Pero, hay muchas más cosas que podemos hacer y que deberíamos tener en cuenta para mantenernos con un buen estado de ánimo durante el período anual de más frío:

  • Elegir alimentos ricos en vitamina D e intentar tomar el sol durante el paseo, cuando salga algún rayo, también mejora la tristeza y la ansiedad.
  • Hacer ejercicio produce dopamina, serotonina y endorfinas, las tres hormonas asociadas a la felicidad. Remover nuestro cuerpo es un beneficio fundamental, tanto físico como psicológico. Además, el deporte ayuda a reforzar la autoestima y permite obtener un alto nivel de satisfacción personal.
  • Aprende a controlar los sentimientos y pensamientos, evitando frases pesimistas. Se trata de ver el lado positivo del invierno.
  • Despertarse y acostarse pronto, para poder aprovechar al máximo las horas de sol. Mejor descanso, más alegría y menos irritabilidad.
  • Relaciónate con familiares y amigos y no abandones tu vida social. Los ratos de ocio contribuyen a sentirse más contento.

Prepara tu casa para no pasar frío (y no malgastar)

Lo primero que debes tener en cuenta es vestirte según el tiempo. De nada sirve que estés en casa vestido como si fueras a la playa si luego tienes la calefacción con la temperatura muy alta. Tápate y utiliza ropa adecuada, esto te permitirá además ahorrar en electricidad.


Foto de Gettyimages

 

Te recomendamos que alternes las duchas de agua fría y caliente, que son magníficas para reforzar la capacidad de adaptación tan necesaria durante los cambios de tiempo.

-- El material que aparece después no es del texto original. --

lemma sum_norm_slice_sq:
  fixes v :: "complex^('a::finite \<Rightarrow> 'q::finite)"
  shows "(\<Sum>\<gamma>\<in>configs_on (- S). (norm (slice S v \<gamma>))\<^sup>2) = (norm v)\<^sup>2"
proof -
  have "(\<Sum>\<gamma>\<in>configs_on (- S). (norm (slice S v \<gamma>))\<^sup>2) = (\<Sum>\<gamma>\<in>configs_on (- S). \<Sum>\<sigma>\<in>UNIV.
      if agree_outside S \<sigma> \<gamma> \<and> agree_outside S \<sigma> \<gamma> then (norm (v $ \<sigma>))\<^sup>2 else 0)"
    unfolding norm_sq_vec by (intro sum.cong refl) (simp add: slice_def)
  also have "\<dots> = (\<Sum>\<sigma>\<in>UNIV. \<Sum>\<gamma>\<in>configs_on (- S).
      if agree_outside S \<sigma> \<gamma> \<and> agree_outside S \<sigma> \<gamma> then (norm (v $ \<sigma>))\<^sup>2 else 0)"
    by (rule sum.swap)
  also have "\<dots> = (norm v)\<^sup>2"
    unfolding sum_configs_on_agree_outside norm_sq_vec by (simp add: agree_outside_def)
  finally show ?thesis .
qed

lemma sum_if_and:
  fixes g :: "'b::finite \<Rightarrow> 'd::finite \<Rightarrow> 'c::comm_monoid_add"
  shows "(\<Sum>\<sigma>\<in>UNIV. \<Sum>\<tau>\<in>UNIV. if P \<sigma> \<and> Q \<tau> then g \<sigma> \<tau> else 0)
       = (\<Sum>\<sigma>\<in>{\<sigma>. P \<sigma>}. \<Sum>\<tau>\<in>{\<tau>. Q \<tau>}. g \<sigma> \<tau>)"
proof -
  have "(\<Sum>\<tau>\<in>UNIV. if P \<sigma> \<and> Q \<tau> then g \<sigma> \<tau> else 0)
      = (if P \<sigma> then (\<Sum>\<tau>\<in>{\<tau>. Q \<tau>}. g \<sigma> \<tau>) else 0)" for \<sigma>
    by (simp add: sum.If_cases)
  then show ?thesis by (simp add: sum.If_cases)
qed

lemma inner_moved_slice:
  fixes D :: "('a::finite,'q::finite) obs" and u v :: "complex^('a \<Rightarrow> 'q)"
  shows "(\<Sum>\<sigma>\<in>UNIV. \<Sum>\<tau>\<in>UNIV. if agree_outside S \<sigma> \<gamma> \<and> agree_outside S \<tau> \<gamma>
            then D $ join S \<sigma> \<rho> $ join S \<tau> \<rho> * v $ \<tau> * cnj (u $ \<sigma>) else 0)
    = (\<Sum>\<kappa>\<in>UNIV. (D *v moved_slice S v \<gamma> \<rho>) $ \<kappa> * cnj (moved_slice S u \<gamma> \<rho> $ \<kappa>))"
    (is "?lhs = ?rhs")
proof -
  let ?T = "\<Sum>\<kappa>\<in>{\<kappa>. agree_outside S \<kappa> \<rho>}. \<Sum>\<mu>\<in>{\<mu>. agree_outside S \<mu> \<rho>}.
    D $ \<kappa> $ \<mu> * v $ join S \<mu> \<gamma> * cnj (u $ join S \<kappa> \<gamma>)"
  have "?lhs = (\<Sum>\<sigma>\<in>{\<sigma>. agree_outside S \<sigma> \<gamma>}. \<Sum>\<tau>\<in>{\<tau>. agree_outside S \<tau> \<gamma>}.
      D $ join S \<sigma> \<rho> $ join S \<tau> \<rho> * v $ \<tau> * cnj (u $ \<sigma>))"
    by (rule sum_if_and)
  also have "\<dots> = (\<Sum>\<kappa>\<in>{\<kappa>. agree_outside S \<kappa> \<rho>}. \<Sum>\<mu>\<in>{\<mu>. agree_outside S \<mu> \<rho>}.
      D $ join S (join S \<kappa> \<gamma>) \<rho> $ join S (join S \<mu> \<gamma>) \<rho> * v $ join S \<mu> \<gamma>
        * cnj (u $ join S \<kappa> \<gamma>))"
    by (subst sum_agree_outside_reindex[where \<rho> = \<rho>], rule sum.cong[OF refl],
        rule sum_agree_outside_reindex)
  also have "\<dots> = ?T"
    by (intro sum.cong refl) (simp add: join_join)
  finally have "?lhs = ?T" .
  moreover have "?rhs = (\<Sum>\<kappa>\<in>UNIV. \<Sum>\<mu>\<in>UNIV. if agree_outside S \<kappa> \<rho> \<and> agree_outside S \<mu> \<rho>
      then D $ \<kappa> $ \<mu> * v $ join S \<mu> \<gamma> * cnj (u $ join S \<kappa> \<gamma>) else 0)"
    by (intro sum.cong refl)
      (auto simp: matrix_vector_mult_def moved_slice_def sum_distrib_right intro!: sum.cong)
  ultimately show ?thesis by (simp add: sum_if_and)
qed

Un pequeño truco que es ideal también para no tener frío en casa es intentar siempre tener en calor tus articulaciones (muñecas, tobillos, pies, cuello…), que son bastante sensibles ante los cambios de temperatura y el frío. Es muy recomendable que intentes estar siempre en lugares cálidos y secos para pasar el otoño y el invierno.

Pero, ante todo, lo primero que tienes que hacer es aislar bien tu hogar. Mira si las ventanas y las puertas cierran bien. Si no es así, por ellas se filtrará el aire frío de la calle y no podrás mantener una temperatura adecuada para vivir sin tener que sufrir por el frío. Para solucionarlo, puedes probar de sellar bien las ventanas y las ranuras de las puertas, dejar entrar el sol durante el día y aislar el cajón de las persianas, por ejemplo.

 

Otro pequeño truco es decorar tu casa con alfombras. Parece que no, pero el hecho de tenerlas en el suelo ayuda a evitar que el frío del suelo entre a nuestro cuerpo a través de los pies.

Y no te olvides de tener siempre cerca una manta, un plaid o cualquier cosa que te sirva para taparte siempre y cuando lo necesites, antes de abusar de la calefacción.